Let $M$ be a Riemannian manifold. Let $p \in M$ and $\epsilon \gt 0$.

For sufficiently small $\epsilon$, the standard definition (correct me if I'm wrong) for the 'geodesic ball of radius $\epsilon$ centered at $p$' is:

$$B = \{ \gamma(1) \mid \gamma \text{ is a geodesic}, \gamma(0)=p, \text{ and } \langle \gamma'(0), \gamma'(0) \rangle \, \lt \epsilon \} .$$

I am wondering: suppose we instead consider the set

$$B_{\text{alt}} = \{ \gamma(\epsilon) \mid \gamma \text{ is a geodesic}, \gamma(0)=p, \text{ and } \langle \gamma'(0), \gamma'(0) \rangle \lt 1 \} .$$

(Roughly speaking, $B$ takes an $\epsilon$-ball in $T_pM$ and runs the geodesics forward by 1, while $B_{\text{alt}}$ takes the unit ball in $T_pM$ and runs the geodesics forward by $\epsilon$. $\langle \cdot , \cdot \rangle$ is the metric inner product.)

Question:

Do we have $B = B_{\text{alt}}$? If not, is there a nice counter-example? Or an intuitive reason why we should not expect the equality to hold?

Note:

I have tried to compute the volume of $B_{\text{alt}}$ (to next-to-leading order in $\epsilon$) in the special case of a two-dimensional manifold with a diagonal metric. Despite many careful checks, my answer does not match the standard answer for the volume of a geodesic ball -- so I suspect that $B \ne B_{\text{alt}}$.

Thanks for any help!

Appendix - calculation of $Vol(B_{alt})$ (added 12/23)

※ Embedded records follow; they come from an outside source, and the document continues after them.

lemma stable_mean_coefficients:
  assumes "is_mean M" "symmetric_mean M" "homogeneous_mean M" "stable_mean M"
    and "has_sym_asymp_expansion M a"
  shows "a 2 = 1/6 * a 1 * (1 + a 1) * (1 - 4 * a 1)"
    and "a 3 = 1/90 * a 1 * (1 + a 1) * (6 - 31 * a 1 + 36 * a 1 ^ 2 + 64 * a 1 ^ 3)"
    and "a 4 = 1/2520 * a 1 * (1 + a 1) * (90 - 531 * a 1 + 937 * a 1 ^ 2 + 568 * a 1 ^ 3
                  - 3088 * a 1 ^ 4 - 2176 * a 1 ^ 5)"
proof -
  define F where "F = mean_profile M"
  define A where "A u = M (1 - u) (F u)" for u
  have F_pos: "F u > 0" if "\<bar>u\<bar> < 1" for u
    using mean_profile_bound[OF assms(1) that] that by (simp add: F_def)
  have A_pos: "A u > 0" if "\<bar>u\<bar> < 1" for u
    using is_mean_pos[OF assms(1) _ F_pos[OF that]] that by (simp add: A_def)
  have A_eq: "A u = (1 - u + F u) / 2 * F ((F u - (1 - u)) / (1 - u + F u))" if "\<bar>u\<bar> < 1" for u
    using homogeneous_mean_profile[OF assms(3), of "1 - u" "F u"] F_pos[OF that] that
    by (simp add: A_def F_def)
  have F_eq: "F u = (A u + A (- u)) / 2 * F ((A (- u) - A u) / (A u + A (- u)))" if "\<bar>u\<bar> < 1" for u
  proof -
    have "F u = M (A u) (A (- u))"
      using stable_mean_profile[OF assms(1,2,4) that] by (simp add: A_def F_def)
    also have "\<dots> = (A u + A (- u)) / 2 * F ((A (- u) - A u) / (A u + A (- u)))"
      using homogeneous_mean_profile[OF assms(3) A_pos A_pos] that by (simp add: F_def)
    finally show ?thesis .
  qed
  have "agree_to_order 10 F (poly (profile_jet a))"
    using mean_profile_jet(2)[OF assms(1,2,3,5)] by (simp add: F_def)
  from stability_jet_coefficients[OF stability_equation_jet[OF this A_eq F_eq]]
  show "a 2 = 1/6 * a 1 * (1 + a 1) * (1 - 4 * a 1)"
    and "a 3 = 1/90 * a 1 * (1 + a 1) * (6 - 31 * a 1 + 36 * a 1 ^ 2 + 64 * a 1 ^ 3)"
    and "a 4 = 1/2520 * a 1 * (1 + a 1) * (90 - 531 * a 1 + 937 * a 1 ^ 2 + 568 * a 1 ^ 3
                  - 3088 * a 1 ^ 4 - 2176 * a 1 ^ 5)"
    by simp_all
qed
(* Let $g(x)=\sum_{n\ge 1}\frac{2\,(4n+1)!}{(n+1)!\,(3n+2)!}\,x^n$, regarded as a formal power series. For all integers $n\ge 1$, $$\frac{[x^n]\,(g(x))^2}{[x^n]\,g(x)}=\frac{10(n-1)(n^2+14n+12)}{3(3n+5)(3n+4)(n+2)}.$$
   Context: For a formal power series $f(x)$, $[x^n]f(x)$ denotes the coefficient of $x^n$ in $f(x)$. *)

theory Defs
  imports "HOL-Computational_Algebra.Formal_Power_Series"
begin

definition g_fps :: "rat fps" where
  "g_fps = Abs_fps (\<lambda>n. if n = 0 then 0
     else 2 * fact (4*n+1) / (fact (n+1) * fact (3*n+2)))"

end

theory Submission
  imports Defs
begin

text \<open>Let c_k = 2 (4k+1)! / ((k+1)! (3k+2)!) (\<open>g_coeff\<close>), so that c_0 = 1 and g = C - 1 for
  C = Sum c_k x^k. For n >= 1 the coefficient of x^n in g^2 is s_n - 2 c_n, where
  s_n = Sum_k c_k c_(n-k) (\<open>g_conv\<close>), so the claim amounts to the closed form
  s_n = c_n * 8 (2n+1) (4n+3) (n+5) / (3 (3n+5) (3n+4) (n+2)).

  The closed form is proved by creative telescoping. There are polynomials a_0, a_1, a_2
  (\<open>rec_coeff0\<close>, ...) and a rational certificate R (\<open>cert\<close>), as produced by Zeilberger's
  algorithm, such that the summand F(n,k) = c_k c_(n-k) satisfies
  a_0(n) F(n,k) + a_1(n) F(n+1,k) + a_2(n) F(n+2,k) = G(n,k+1) - G(n,k) with
  G(n,k) = R(k, n+1-k) F(n+1,k) (\<open>telescoping_term\<close>); divided by F(n,k), this is an identity of
  rational functions of k and n - k. Summing over k shows that s_n satisfies an inhomogeneous
  second-order recurrence whose right-hand side collects the boundary terms. The closed form
  satisfies the same recurrence, a_2 does not vanish, and both agree for n = 0 and n = 1.\<close>

lemma linear_recurrence2_unique:
  fixes f h :: "nat \<Rightarrow> 'a::idom"
  assumes rec: "\<And>n. a n * f n + b n * f (Suc n) + c n * f (Suc (Suc n))
                   = a n * h n + b n * h (Suc n) + c n * h (Suc (Suc n))"
    and lead: "\<And>n. c n \<noteq> 0"
    and "f 0 = h 0" and "f 1 = h 1"
  shows "f n = h n"
proof -
  have "f n = h n \<and> f (Suc n) = h (Suc n)"
  proof (induction n)
    case 0
    then show ?case using \<open>f 0 = h 0\<close> \<open>f 1 = h 1\<close> by simp
  next
    case (Suc n)
    with rec[of n] have "c n * f (Suc (Suc n)) = c n * h (Suc (Suc n))" by simp
    with lead[of n] Suc show ?case by simp
  qed
  then show ?thesis ..
qed

definition g_coeff :: "nat \<Rightarrow> rat" where
  "g_coeff k = 2 * fact (4*k+1) / (fact (k+1) * fact (3*k+2))"

definition g_num :: "rat \<Rightarrow> rat" where
  "g_num y = (4*y+2) * (4*y+3) * (4*y+4) * (4*y+5)"

definition g_den :: "rat \<Rightarrow> rat" where
  "g_den y = (y+2) * (3*y+3) * (3*y+4) * (3*y+5)"

abbreviation g_ratio :: "rat \<Rightarrow> rat" where
  "g_ratio y \<equiv> g_num y / g_den y"

lemma g_den_pos: "y \<ge> 0 \<Longrightarrow> g_den y > 0"
  unfolding g_den_def by (intro mult_pos_pos) auto

lemma g_coeff_pos: "g_coeff k > 0"
  unfolding g_coeff_def by simp

lemma g_coeff_0: "g_coeff 0 = 1"
  unfolding g_coeff_def by (simp add: fact_numeral)

lemma g_coeff_Suc: "g_coeff (Suc k) = g_coeff k * g_ratio (of_nat k)"
proof -
  define z where "z = (of_nat k :: rat)"
  define a b c where "a = (fact (4*k+1) :: rat)" and "b = (fact (k+1) :: rat)"
    and "c = (fact (3*k+2) :: rat)"
  have fact_Suc_k: "fact (4 * Suc k + 1) = (4*z+2) * (4*z+3) * (4*z+4) * (4*z+5) * a"
    "fact (Suc k + 1) = (z+2) * b" "fact (3 * Suc k + 2) = (3*z+3) * (3*z+4) * (3*z+5) * c"
    unfolding z_def a_def b_def c_def by (simp_all add: numeral_eq_Suc algebra_simps)
  have "g_den z \<noteq> 0" "b \<noteq> 0" "c \<noteq> 0"
    using g_den_pos[of z] unfolding z_def b_def c_def by simp_all
  then show ?thesis
    unfolding g_coeff_def fact_Suc_k a_def[symmetric] b_def[symmetric] c_def[symmetric]
      z_def[symmetric] g_num_def
    by (simp add: field_simps g_den_def)
qed

lemma g_coeff_1: "g_coeff (Suc 0) = 1"
  using g_coeff_Suc[of 0] by (simp add: g_coeff_0 g_num_def g_den_def)

lemma g_fps_eq: "g_fps = Abs_fps g_coeff - 1"
  by (rule fps_ext) (simp add: g_fps_def g_coeff_def)

definition g_conv :: "nat \<Rightarrow> rat" where
  "g_conv n = (\<Sum>k=0..n. g_coeff k * g_coeff (n - k))"

lemma fps_nth_g_fps: "n \<ge> 1 \<Longrightarrow> fps_nth g_fps n = g_coeff n"
  by (simp add: g_fps_eq)

lemma fps_nth_g_fps_square:
  assumes "n \<ge> 1"
  shows "fps_nth (g_fps ^ 2) n = g_conv n - 2 * g_coeff n"
proof -
  have "g_fps ^ 2 = Abs_fps g_coeff * Abs_fps g_coeff - 2 * Abs_fps g_coeff + 1"
    unfolding g_fps_eq by (simp add: power2_eq_square algebra_simps)
  moreover have "fps_nth (Abs_fps g_coeff * Abs_fps g_coeff) n = g_conv n"
    by (simp add: fps_mult_nth g_conv_def)
  ultimately show ?thesis
    using assms by (simp add: numeral_fps_const)
qed

definition rec_coeff0 :: "rat \<Rightarrow> rat" where
  "rec_coeff0 n = 1024 * (n+1) * (2*n+3) * (2*n+5) * (4*n+5) * (4*n+7) * (6*n+17)"

definition rec_coeff1 :: "rat \<Rightarrow> rat" where
  "rec_coeff1 n = - 13460160 - 35352264*n - 38357160*n^2 - 22000992*n^3 - 7034976*n^4
     - 1188864*n^5 - 82944*n^6"

definition rec_coeff2 :: "rat \<Rightarrow> rat" where
  "rec_coeff2 n = 9 * (n+4) * (3*n+7) * (3*n+8) * (3*n+10) * (3*n+11) * (6*n+11)"

definition conv_rec :: "(nat \<Rightarrow> rat) \<Rightarrow> nat \<Rightarrow> rat" where
  "conv_rec f n = rec_coeff0 (of_nat n) * f n + rec_coeff1 (of_nat n) * f (Suc n)
     + rec_coeff2 (of_nat n) * f (Suc (Suc n))"

definition conv_rec_inhom :: "nat \<Rightarrow> rat" where
  "conv_rec_inhom n = - 7560 * (2 * of_nat n + 5) * (3 * of_nat n + 7) * (3 * of_nat n + 8)
     / (4 * of_nat n + 9) * g_coeff (Suc (Suc n))"

definition cert_poly :: "rat \<Rightarrow> rat \<Rightarrow> rat" where
  "cert_poly x y = 151200 + 1035720*y + 2912700*y^2 + 4378920*y^3 + 3815700*y^4 + 1933680*y^5
    + 529200*y^6 + 60480*y^7 + 1322640*x + 8417094*x*y + 22047038*x*y^2 + 30961838*x*y^3
    + 25268438*x*y^4 + 12018384*x*y^5 + 3092040*x*y^6 + 332640*x*y^7 + 4634190*x^2
    + 26811663*x^2*y + 63652308*x^2*y^2 + 80758663*x^2*y^3 + 59295968*x^2*y^4
    + 25228140*x^2*y^5 + 5760720*x^2*y^6 + 544320*x^2*y^7 + 8588545*x^3 + 44183344*x^3*y
    + 92330045*x^3*y^2 + 101702864*x^3*y^3 + 63568650*x^3*y^4 + 22347360*x^3*y^5
    + 4014360*x^3*y^6 + 272160*x^3*y^7 + 9335970*x^4 + 41514290*x^4*y + 73579270*x^4*y^2
    + 66728205*x^4*y^3 + 32677380*x^4*y^4 + 8183700*x^4*y^5 + 816480*x^4*y^6 + 6232310*x^5
    + 23086816*x^5*y + 32968977*x^5*y^2 + 22746942*x^5*y^3 + 7589592*x^5*y^4 + 979776*x^5*y^5
    + 2566410*x^6 + 7596867*x^6*y + 8171622*x^6*y^2 + 3786912*x^6*y^3 + 637632*x^6*y^4
    + 606105*x^7 + 1369026*x^7*y + 1008720*x^7*y^2 + 241056*x^7*y^3 + 61830*x^8 + 97740*x^8*y
    + 38880*x^8*y^2"

definition cert :: "rat \<Rightarrow> rat \<Rightarrow> rat" where
  "cert x y = 24 * (3*y+3) * cert_poly x y / ((x+y+1) * (x+y+2) * g_den y)"

text \<open>In the following three rational identities the polynomials are abstracted to atoms, so that
  \<open>field_simps\<close> only clears denominators; the resulting equation is a multiple of the
  cleared polynomial identity, which \<open>algebra\<close> checks.\<close>

lemma cert_identity:
  fixes x y :: rat
  assumes "x \<ge> 0" and "y \<ge> 0"
  shows "rec_coeff0 (x+y) + rec_coeff1 (x+y) * g_ratio y
      + rec_coeff2 (x+y) * g_ratio y * g_ratio (y+1)
    = g_ratio x * cert (x+1) y - g_ratio y * cert x (y+1)"
proof -
  define a0 a1 a2 where "a0 = rec_coeff0 (x+y)" and "a1 = rec_coeff1 (x+y)"
    and "a2 = rec_coeff2 (x+y)"
  define nx dx n0 d0 n1 d1 where "nx = g_num x" and "dx = g_den x" and "n0 = g_num y"
    and "d0 = g_den y" and "n1 = g_num (y+1)" and "d1 = g_den (y+1)"
  define p q where "p = cert_poly (x+1) y" and "q = cert_poly x (y+1)"
  define e where "e = (x+y+2) * (x+y+3)"
  note atoms = a0_def a1_def a2_def nx_def dx_def n0_def d0_def n1_def d1_def p_def q_def e_def
  have nz: "e \<noteq> 0" "dx \<noteq> 0" "d0 \<noteq> 0" "d1 \<noteq> 0"
    using assms g_den_pos[of x] g_den_pos[of y] g_den_pos[of "y+1"] unfolding atoms by auto
  have cert_eq: "cert (x+1) y = 24 * (3*y+3) * p / (e * d0)"
    "cert x (y+1) = 24 * (3*y+6) * q / (e * d1)"
    unfolding cert_def atoms by (simp_all add: algebra_simps)
  have cleared: "e * dx * (a0 * d0 * d1 + a1 * n0 * d1 + a2 * n0 * n1)
      = 24 * (3*y+3) * nx * d1 * p - 24 * (3*y+6) * dx * n0 * q"
    unfolding atoms rec_coeff0_def rec_coeff1_def rec_coeff2_def g_num_def g_den_def cert_poly_def
    by algebra
  show ?thesis
    unfolding cert_eq atoms[symmetric] using nz by (simp add: field_simps) (use cleared in algebra)
qed

lemma cert_boundary_identity:
  fixes z :: rat
  assumes "z \<ge> 0"
  shows "cert (z+1) 0 - cert 0 (z+1) + rec_coeff1 z + rec_coeff2 z + rec_coeff2 z * g_ratio (z+1)
    = - 7560 * (2*z+5) * (3*z+7) * (3*z+8) / (4*z+9) * g_ratio (z+1)"
proof -
  define a1 a2 where "a1 = rec_coeff1 z" and "a2 = rec_coeff2 z"
  define n1 d1 where "n1 = g_num (z+1)" and "d1 = g_den (z+1)"
  define p q where "p = cert_poly (z+1) 0" and "q = cert_poly 0 (z+1)"
  define e r where "e = (z+2) * (z+3)" and "r = 4*z+9"
  note atoms = a1_def a2_def n1_def d1_def p_def q_def e_def r_def
  have nz: "e \<noteq> 0" "d1 \<noteq> 0" "r \<noteq> 0"
    using assms g_den_pos[of "z+1"] unfolding atoms by auto
  have cert_eq: "cert (z+1) 0 = 72 * p / (120 * e)" "cert 0 (z+1) = 24 * (3*z+6) * q / (e * d1)"
    unfolding cert_def atoms by (simp_all add: g_den_def algebra_simps)
  have cleared: "r * (3 * p * d1 - 120 * (3*z+6) * q + 5 * e * d1 * (a1 + a2) + 5 * e * a2 * n1)
      = - 37800 * (2*z+5) * (3*z+7) * (3*z+8) * e * n1"
    unfolding atoms rec_coeff1_def rec_coeff2_def g_num_def g_den_def cert_poly_def
    \<comment> \<open>\<open>algebra\<close> fails on literal factors 0, which evaluating \<open>cert_poly\<close> at 0 produces\<close>
    by (simp only: power_zero_numeral mult_zero_left mult_zero_right add_0_right) algebra
  show ?thesis
    unfolding cert_eq atoms[symmetric] using nz by (simp add: field_simps) (use cleared in algebra)
qed

definition conv_num :: "rat \<Rightarrow> rat" where
  "conv_num z = 8 * (2*z+1) * (4*z+3) * (z+5)"

definition conv_den :: "rat \<Rightarrow> rat" where
  "conv_den z = 3 * (3*z+5) * (3*z+4) * (z+2)"

abbreviation conv_ratio :: "rat \<Rightarrow> rat" where
  "conv_ratio z \<equiv> conv_num z / conv_den z"

lemma conv_den_pos: "z \<ge> 0 \<Longrightarrow> conv_den z > 0"
  unfolding conv_den_def by (intro mult_pos_pos) auto

lemma conv_ratio_recurrence:
  fixes z :: rat
  assumes "z \<ge> 0"
  shows "rec_coeff0 z * conv_ratio z + rec_coeff1 z * g_ratio z * conv_ratio (z+1)
      + rec_coeff2 z * g_ratio z * g_ratio (z+1) * conv_ratio (z+2)
    = - 7560 * (2*z+5) * (3*z+7) * (3*z+8) / (4*z+9) * (g_ratio z * g_ratio (z+1))"
proof -
  define a0 a1 a2 where "a0 = rec_coeff0 z" and "a1 = rec_coeff1 z" and "a2 = rec_coeff2 z"
  define p0 p1 p2 where "p0 = conv_num z" and "p1 = conv_num (z+1)" and "p2 = conv_num (z+2)"
  define q0 q1 q2 where "q0 = conv_den z" and "q1 = conv_den (z+1)" and "q2 = conv_den (z+2)"
  define n0 n1 d0 d1 where "n0 = g_num z" and "n1 = g_num (z+1)" and "d0 = g_den z"
    and "d1 = g_den (z+1)"
  define r where "r = 4*z+9"
  note atoms = a0_def a1_def a2_def p0_def p1_def p2_def q0_def q1_def q2_def
    n0_def n1_def d0_def d1_def r_def
  have nz: "q0 \<noteq> 0" "q1 \<noteq> 0" "q2 \<noteq> 0" "d0 \<noteq> 0" "d1 \<noteq> 0" "r \<noteq> 0"
    using assms conv_den_pos[of z] conv_den_pos[of "z+1"] conv_den_pos[of "z+2"]
      g_den_pos[of z] g_den_pos[of "z+1"]
    unfolding atoms by auto
  have cleared: "r * (a0 * p0 * d0 * d1 * q1 * q2 + a1 * n0 * p1 * d1 * q0 * q2
        + a2 * n0 * n1 * p2 * q0 * q1)
      = - 7560 * (2*z+5) * (3*z+7) * (3*z+8) * n0 * n1 * q0 * q1 * q2"
    unfolding atoms rec_coeff0_def rec_coeff1_def rec_coeff2_def conv_num_def conv_den_def
      g_num_def g_den_def
    by algebra
  show ?thesis
    unfolding atoms[symmetric] using nz by (simp add: field_simps) (use cleared in algebra)
qed

definition telescoping_term :: "nat \<Rightarrow> nat \<Rightarrow> rat" where
  "telescoping_term n k = g_coeff k * g_coeff (Suc n - k) * cert (of_nat k) (of_nat (Suc n - k))"

lemma summand_telescopes:
  assumes "k \<le> n"
  shows "rec_coeff0 (of_nat n) * (g_coeff k * g_coeff (n - k))
      + rec_coeff1 (of_nat n) * (g_coeff k * g_coeff (Suc n - k))
      + rec_coeff2 (of_nat n) * (g_coeff k * g_coeff (Suc (Suc n) - k))
    = telescoping_term n (Suc k) - telescoping_term n k"
proof -
  obtain m where n: "n = k + m" using assms le_Suc_ex by blast
  define x y where "x = (of_nat k :: rat)" and "y = (of_nat m :: rat)"
  have "x \<ge> 0" "y \<ge> 0" unfolding x_def y_def by simp_all
  have shift: "g_coeff (Suc k) = g_coeff k * g_ratio x"
    "g_coeff (Suc m) = g_coeff m * g_ratio y"
    "g_coeff (Suc (Suc m)) = g_coeff m * g_ratio y * g_ratio (y+1)"
    unfolding x_def y_def by (simp_all add: g_coeff_Suc add.commute)
  have idx: "n - k = m" "Suc n - k = Suc m" "Suc (Suc n) - k = Suc (Suc m)" "Suc n - Suc k = m"
    "(of_nat n :: rat) = x + y" "(of_nat (Suc k) :: rat) = x + 1" "(of_nat (Suc m) :: rat) = y + 1"
    unfolding n x_def y_def by simp_all
  have "telescoping_term n (Suc k) - telescoping_term n k
      = g_coeff k * g_coeff m * (g_ratio x * cert (x+1) y - g_ratio y * cert x (y+1))"
    unfolding telescoping_term_def idx shift x_def[symmetric] y_def[symmetric]
    by (simp add: algebra_simps)
  also have "\<dots> = g_coeff k * g_coeff m * (rec_coeff0 (x+y) + rec_coeff1 (x+y) * g_ratio y
      + rec_coeff2 (x+y) * g_ratio y * g_ratio (y+1))"
    using cert_identity[OF \<open>x \<ge> 0\<close> \<open>y \<ge> 0\<close>] by simp
  finally show ?thesis
    unfolding idx shift by (simp add: algebra_simps)
qed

I'm going to redo my calculation of the volume of $B_{alt}$, taking account of joriki's comment below. The problem I was having (which I don't think is resolved by joriki's suggestion to replace $\epsilon$ by $\epsilon^{1/2}$, but will have to check to be sure) is described in the next two paragraphs.

I'm doing the calculation in a particular coordinate chart, assuming the metric is diagonal: $ds^2 = g_{11}(x^1,x^2) (dx^1)^2 + g_{22}(x^1,x^2) (dx^2)^2$. I find that $Vol(B_{alt})$ includes (at next-to-leading order in $\epsilon$) the terms $(\partial_1)^2 g_{11}|_p$ and $(\partial_2)^2 g_{22}|_p$. In a diagonal metric (and using the Levi-Civita connection), the only Christoffel symbol in which $\partial_1 g_{11}$ appears is $\Gamma^1_{11} = \frac{1}{2} g^{11} \partial_1 g_{11}$. However, the formula $R^a_{bcd} = \partial_c \Gamma^a_{db} - \partial_d \Gamma^a_{cb} + \Gamma^a_{ce} \Gamma^e_{db} - \Gamma^a_{de} \Gamma^e_{cb}$ shows that $\partial_1 \Gamma^1_{11}$ doesn't appear in the scalar curvature - the first two terms in the preceeding formula just cancel when all indices are equal to 1.

Now I will explain how these bad terms appear in my calculation. My approach is to calculate $Vol(B_{alt}) = \int_{B_{alt}} dx^1 dx^2 \sqrt{g_{11}(x^1,x^2) g_{22}(x^1,x^2)}$ by Taylor-expanding the integrand about the point $p \leftrightarrow (x^1_0,x^2_0)$. Given $a\ \partial_1 |_p + b\ \partial_2 |_p$ in the unit ball in $T_pM$, the corresponding point in $B_{alt}$ is $(x^1_0 + a\ \epsilon + C(a,b)\ \epsilon^2 + O(\epsilon^3), x^2_0 + b\ \epsilon + D(a,b)\ \epsilon^2 + O(\epsilon^3))$, where $C,D$ are constants we can get from the geodesic equation.(**) There's a Jacobian factor to change variables from $(x^1, x^2)$ to $(a,b)$. But the only way (it seems to me) to get the second derivatives of the metric that appear in $R$ is to Taylor-expand $\sqrt{det\quad g}$ to second order. That's exactly the order at which the bad terms $(\partial_1)^2 g_{11}|_p$ and $(\partial_2)^2 g_{22}|_p$ appear (even if we replace $\epsilon$ by $\epsilon^{1/2}$).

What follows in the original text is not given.